**REQUIREMENT:** Output the lines below exactly, please, from the first line until the line with "y. x \<in> A", counting both.

── SOURCE RECORDS ──

text \<open>Call a point or plane full if it lies on, resp. contains, q+1 lines of L.
  If a point P is full, the bound 2q+1 of (Sd) forces these lines to be
  coplanar: three non-coplanar ones would span a solid containing three planes with q+1
  lines each. So pi_P is a plane whose lines in L are exactly the lines through P, and as
  a plane has only q+1 lines through P, every line of pi_P through P is in L. For another
  (q+1)-M-point Z in pi_P the line PZ therefore lies in both pi_P and pi_Z, so these planes
  span a solid inside M; distinct Z give distinct solids by the same three-planes argument.
  Since only q+1 solids of M contain pi_P, there are at most q+1 such points Z. They are
  distributed over the q+1 lines of pi_P through P, so either some line gets none or each
  gets exactly one.\<close>

lemma subspace_dim_less:
  fixes A B :: "('k::field ^ 'n) set"
  assumes "vec.subspace A" "vec.subspace B" "A \<subseteq> B" "A \<noteq> B"
  shows "vec.dim A < vec.dim B"
  using assms vec.subspace_dim_equal[of A B] vec.dim_subset[of A B] by linarith

lemma dim_span_Un_plus_dim_Int:
  fixes A B :: "('k::field ^ 'n) set"
  assumes "vec.subspace A" "vec.subspace B"
  shows "vec.dim (vec.span (A \<union> B)) + vec.dim (A \<inter> B) = vec.dim A + vec.dim B"
proof -
  have A: "vec.span A = A" and B: "vec.span B = B" using assms by (simp_all add: vec.span_eq_iff)
  have "vec.span (A \<union> B) = {x + y |x y. x \<in> A \<and> y \<in> B}"
    using vec.span_Un[of A B] unfolding A B .
  then show ?thesis using vec.dim_sums_Int[OF assms] by simp
qed

lemma psub_eq_if_subset:
  assumes "psub k A" "psub k B" "A \<subseteq> B"
  shows "A = B"
  using assms vec.subspace_dim_equal[of A B] by (simp add: psub_def)

lemma psub_Int_eq:
  assumes "psub k X" "psub (Suc k) A" "vec.subspace B" "X \<subseteq> A \<inter> B" "\<not> A \<subseteq> B"
  shows "A \<inter> B = X"
proof -
  have sI: "vec.subspace (A \<inter> B)" using assms by (simp add: psub_def vec.subspace_inter)
  have "vec.dim (A \<inter> B) < vec.dim A"
    using subspace_dim_less[OF sI, of A] assms by (auto simp: psub_def)
  moreover have "vec.dim X \<le> vec.dim (A \<inter> B)" using vec.dim_subset assms(4) .
  ultimately have "vec.dim (A \<inter> B) \<le> vec.dim X" using assms by (simp add: psub_def)
  then have "X = A \<inter> B" using vec.subspace_dim_equal[OF _ sI] assms by (simp add: psub_def)
  then show ?thesis by simp
qed

lemma psub_span_Un:
  assumes "psub i A" "psub j B" "psub k (A \<inter> B)" "i + j = m + k"
  shows "psub m (vec.span (A \<union> B))"
  using dim_span_Un_plus_dim_Int[of A B] assms by (auto simp: psub_def vec.subspace_span)

lemma plines_Int_eq_point:
  assumes "pline l" "pline l'" "l \<noteq> l'" "ppoint X" "X \<subseteq> l" "X \<subseteq> l'"
  shows "l \<inter> l' = X"
  using psub_Int_eq[of 0 X l l'] psub_eq_if_subset[of 1 l l'] assms by (auto simp: psub_def)

lemma pplanes_Int_eq_line:
  assumes "pplane E" "pplane F" "E \<noteq> F" "pline m" "m \<subseteq> E" "m \<subseteq> F"
  shows "E \<inter> F = m"
  using psub_Int_eq[of 1 m E F] psub_eq_if_subset[of 2 E F] assms by (auto simp: psub_def)

lemma pline_span_points:
  assumes "ppoint X" "ppoint Y" "X \<noteq> Y"
  shows "pline (vec.span (X \<union> Y))"
proof -
  have sI: "vec.subspace (X \<inter> Y)" using assms by (simp add: psub_def vec.subspace_inter)
  have "X \<inter> Y \<noteq> X" using assms psub_eq_if_subset[of 0 X Y] by blast
  then have "vec.dim (X \<inter> Y) = 0"
    using subspace_dim_less[OF sI, of X] assms by (simp add: psub_def)
  moreover have "vec.dim (vec.span (X \<union> Y)) + vec.dim (X \<inter> Y) = vec.dim X + vec.dim Y"
    using dim_span_Un_plus_dim_Int[of X Y] assms by (simp add: psub_def)
  ultimately have "vec.dim (vec.span (X \<union> Y)) = 2" using assms unfolding psub_def by linarith
  then show ?thesis by (simp add: psub_def vec.subspace_span)
qed

lemma pplane_span_plines:
  assumes "pline l" "pline l'" "l \<noteq> l'" "ppoint X" "X \<subseteq> l" "X \<subseteq> l'"
  shows "pplane (vec.span (l \<union> l'))"
  by (rule psub_span_Un[of 1 l 1 l' 0]) (use plines_Int_eq_point[OF assms] assms in simp_all)

lemma psolid_span_pplane_pline:
  assumes "pplane E" "pline l" "\<not> l \<subseteq> E" "ppoint X" "X \<subseteq> E" "X \<subseteq> l"
  shows "psolid (vec.span (E \<union> l))"
proof (rule psub_span_Un[of 2 E 1 l 0])
  show "ppoint (E \<inter> l)"
    using psub_Int_eq[of 0 X l E] assms by (simp add: Int_commute psub_def)
qed (use assms in simp_all)

lemma psolid_span_pplanes:
  assumes "pplane E" "pplane F" "E \<noteq> F" "pline m" "m \<subseteq> E" "m \<subseteq> F"
  shows "psolid (vec.span (E \<union> F))"
  by (rule psub_span_Un[of 2 E 2 F 1]) (use pplanes_Int_eq_line[OF assms] assms in simp_all)

lemma card_span_insert:
  fixes S :: "('k::{finite,field} ^ 'n) set"
  assumes "v \<notin> vec.span S"
  shows "card (vec.span (insert v S)) = CARD('k) * card (vec.span S)"
proof -
  define f where "f = (\<lambda>(c::'k, u). c *s v + u)"
  have inj: "inj_on f (UNIV \<times> vec.span S)"
  proof (rule inj_onI)
    fix a b assume a: "a \<in> UNIV \<times> vec.span S" and b: "b \<in> UNIV \<times> vec.span S" and e: "f a = f b"
    obtain c u where cu: "a = (c, u)" by force
    obtain c' u' where cu': "b = (c', u')" by force
    have u: "u \<in> vec.span S" "u' \<in> vec.span S" using a b cu cu' by auto
    have eq: "c *s v + u = c' *s v + u'" using e cu cu' by (simp add: f_def)
    have "(c - c') *s v = u' - u" using eq by (simp add: algebra_simps vector_sub_rdistrib)
    show "a = b"
    proof (cases "c = c'")
      case True then show ?thesis using eq cu cu' by simp
    next
      case False
      have "v = inverse (c - c') *s ((c - c') *s v)" using False
        by (metis vector_smult_assoc left_inverse right_minus_eq vector_smult_lid)
      also have "\<dots> = inverse (c - c') *s (u' - u)" using \<open>(c - c') *s v = u' - u\<close> by simp
      finally have "v \<in> vec.span S" using u by (metis vec.span_diff vec.span_scale)
      then show ?thesis using assms by simp
    qed
  qed
  have img: "f ` (UNIV \<times> vec.span S) = vec.span (insert v S)"
  proof
    show "f ` (UNIV \<times> vec.span S) \<subseteq> vec.span (insert v S)"
    proof (clarsimp simp: f_def vec.span_breakdown_eq)
      fix a b assume "b \<in> vec.span S"
      then have "a *s v + b - a *s v \<in> vec.span S" by simp
      then show "\<exists>k. a *s v + b - k *s v \<in> vec.span S" by blast
    qed
    show "vec.span (insert v S) \<subseteq> f ` (UNIV \<times> vec.span S)"
    proof
      fix x assume "x \<in> vec.span (insert v S)"
      then obtain k where k: "x - k *s v \<in> vec.span S" using vec.span_breakdown_eq by blast
      have "x = f (k, x - k *s v)" by (simp add: f_def)
      then show "x \<in> f ` (UNIV \<times> vec.span S)" using k by blast
    qed
  qed
  have "card (vec.span (insert v S)) = card ((UNIV::'k set) \<times> vec.span S)"
    using card_image[OF inj] img by metis
  also have "\<dots> = CARD('k) * card (vec.span S)" by (simp add: card_cartesian_product)
  finally show ?thesis .
qed

lemma card_span_independent:
  fixes B :: "('k::{finite,field} ^ 'n) set"
  assumes "vec.independent B"
  shows "card (vec.span B) = CARD('k) ^ card B"
proof -
  have "finite B" using assms vec.finiteI_independent by blast
  then show ?thesis using assms
  proof (induction B rule: finite_induct)
    case empty then show ?case by simp
  next
    case (insert v F)
    have iF: "vec.independent F" using insert.prems vec.independent_mono by blast
    have "v \<notin> vec.span F" using insert.prems insert.hyps vec.independent_insert by metis
    then show ?case using card_span_insert[of v F] insert iF by simp
  qed
qed

lemma card_subspace:
  fixes U :: "('k::{finite,field} ^ 'n) set"
  assumes "vec.subspace U"
  shows "card U = CARD('k) ^ vec.dim U"
proof -
  obtain B where B: "B \<subseteq> U" "vec.independent B" "U \<subseteq> vec.span B" "card B = vec.dim U"
    using vec.basis_exists by blast
  have "vec.span B = U" using B assms vec.span_minimal by blast
  then show ?thesis using card_span_independent[OF B(2)] B(4) by simp
qed

lemma card_field_ge2: "CARD('k::{finite,field}) \<ge> 2"
proof -
  have "card {0::'k, 1} \<le> CARD('k)" by (rule card_mono) auto
  then show ?thesis by simp
qed

text \<open>Counting the vectors of B outside A: each intermediate subspace contributes
  q^(a+1) - q^a of them, disjointly, out of q^(a+2) - q^a.\<close>
lemma card_subspaces_between_le:
  fixes A B :: "('k::{finite,field} ^ 'n) set"
  assumes sA: "vec.subspace A" and sB: "vec.subspace B" and AB: "A \<subseteq> B"
    and dB: "vec.dim B = vec.dim A + 2"
  shows "card {C. vec.subspace C \<and> A \<subseteq> C \<and> C \<subseteq> B \<and> vec.dim C = vec.dim A + 1}
    \<le> CARD('k) + 1"
proof -
  define q where "q = CARD('k)"
  define x where "x = q ^ vec.dim A"
  define \<C> where "\<C> = {C. vec.subspace C \<and> A \<subseteq> C \<and> C \<subseteq> B \<and> vec.dim C = vec.dim A + 1}"
  have q2: "q \<ge> 2" unfolding q_def by (rule card_field_ge2)
  have cA: "card A = x" using card_subspace[OF sA] by (simp add: x_def q_def)
  have cB: "card B = q * q * x" using card_subspace[OF sB] dB by (simp add: x_def q_def)
  have cC: "card (C - A) = q * x - x" if "C \<in> \<C>" for C
  proof -
    have "card C = q * x" using that card_subspace[of C] by (simp add: \<C>_def x_def q_def)
    then show ?thesis using that cA by (simp add: \<C>_def card_Diff_subset)
  qed
  have disj: "(C - A) \<inter> (C' - A) = {}" if "C \<in> \<C>" "C' \<in> \<C>" "C \<noteq> C'" for C C'
  proof (rule ccontr)
    assume "(C - A) \<inter> (C' - A) \<noteq> {}"
    then obtain v where v: "v \<in> C" "v \<in> C'" "v \<notin> A" by blast
    have sD: "vec.subspace (C \<inter> C')" using that vec.subspace_inter by (auto simp: \<C>_def)
    have "A \<subseteq> C \<inter> C'" "A \<noteq> C \<inter> C'" using that v by (auto simp: \<C>_def)
    then have "vec.dim (C \<inter> C') > vec.dim A" using subspace_dim_less[OF sA sD] by simp
    then have "C \<inter> C' = C" "C \<inter> C' = C'"
      using that sD vec.subspace_dim_equal[of "C \<inter> C'" C] vec.subspace_dim_equal[of "C \<inter> C'" C']
      by (auto simp: \<C>_def)
    then show False using that by simp
  qed
  have "card \<C> * (q * x - x) = (\<Sum>C\<in>\<C>. card (C - A))" using cC by simp
  also have "\<dots> = card (\<Union>C\<in>\<C>. C - A)"
    by (rule card_UN_disjoint[symmetric]) (use disj in auto)
  also have "\<dots> \<le> card (B - A)" by (rule card_mono) (auto simp: \<C>_def)
  also have "\<dots> = (q + 1) * (q * x - x)"
    using cA cB AB by (simp add: card_Diff_subset algebra_simps diff_mult_distrib2)
  finally have "card \<C> * (q * x - x) \<le> (q + 1) * (q * x - x)" .
  moreover have "q * x - x > 0" using q2 by (simp add: x_def)
  ultimately have "card \<C> \<le> q + 1" using mult_le_cancel2 by blast
  then show ?thesis by (simp add: \<C>_def q_def)
qed

lemma
  fixes L :: "('k::{finite,field} ^ 'n) set set"
  assumes "good_line_set L"
  shows good_line_set_pline: "l \<in> L \<Longrightarrow> pline l"
    and good_line_set_point:
      "ppoint X \<Longrightarrow> card {l\<in>L. X \<subseteq> l} = 0 \<or> card {l\<in>L. X \<subseteq> l} = CARD('k) + 1"
    and good_line_set_plane: "pplane E \<Longrightarrow> card {l\<in>L. l \<subseteq> E} \<in> {0, 1, CARD('k) + 1}"
    and good_line_set_solid: "psolid S \<Longrightarrow> card {l\<in>L. l \<subseteq> S} \<le> 2 * CARD('k) + 1"
proof -
  show "l \<in> L \<Longrightarrow> pline l"
    and "ppoint X \<Longrightarrow> card {l\<in>L. X \<subseteq> l} = 0 \<or> card {l\<in>L. X \<subseteq> l} = CARD('k) + 1"
    and "pplane E \<Longrightarrow> card {l\<in>L. l \<subseteq> E} \<in> {0, 1, CARD('k) + 1}"
    using assms unfolding good_line_set_def by blast+
  assume "psolid S"
  then have "card {l\<in>L. l \<subseteq> S} \<in> {0, 1, CARD('k) + 1, 2 * CARD('k) + 1}"
    using assms unfolding good_line_set_def by blast
  moreover have "c \<le> 2 * CARD('k) + 1" if "c \<in> {0, 1, CARD('k) + 1, 2 * CARD('k) + 1}" for c
    using that by auto
  ultimately show "card {l\<in>L. l \<subseteq> S} \<le> 2 * CARD('k) + 1" by blast
qed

───

**ANSWER TO THIS EXERCISE:**
text \<open>Call a point or plane full if it lies on, resp. contains, q+1 lines of L.
  If a point P is full, the bound 2q+1 of (Sd) forces these lines to be
  coplanar: three non-coplanar ones would span a solid containing three planes with q+1
  lines each. So pi_P is a plane whose lines in L are exactly the lines through P, and as
  a plane has only q+1 lines through P, every line of pi_P through P is in L. For another
  (q+1)-M-point Z in pi_P the line PZ therefore lies in both pi_P and pi_Z, so these planes
  span a solid inside M; distinct Z give distinct solids by the same three-planes argument.
  Since only q+1 solids of M contain pi_P, there are at most q+1 such points Z. They are
  distributed over the q+1 lines of pi_P through P, so either some line gets none or each
  gets exactly one.\<close>

lemma subspace_dim_less:
  fixes A B :: "('k::field ^ 'n) set"
  assumes "vec.subspace A" "vec.subspace B" "A \<subseteq> B" "A \<noteq> B"
  shows "vec.dim A < vec.dim B"
  using assms vec.subspace_dim_equal[of A B] vec.dim_subset[of A B] by linarith

lemma dim_span_Un_plus_dim_Int:
  fixes A B :: "('k::field ^ 'n) set"
  assumes "vec.subspace A" "vec.subspace B"
  shows "vec.dim (vec.span (A \<union> B)) + vec.dim (A \<inter> B) = vec.dim A + vec.dim B"
proof -
  have A: "vec.span A = A" and B: "vec.span B = B" using assms by (simp_all add: vec.span_eq_iff)
  have "vec.span (A \<union> B) = {x + y |x y. x \<in> A \<and> y \<in> B}"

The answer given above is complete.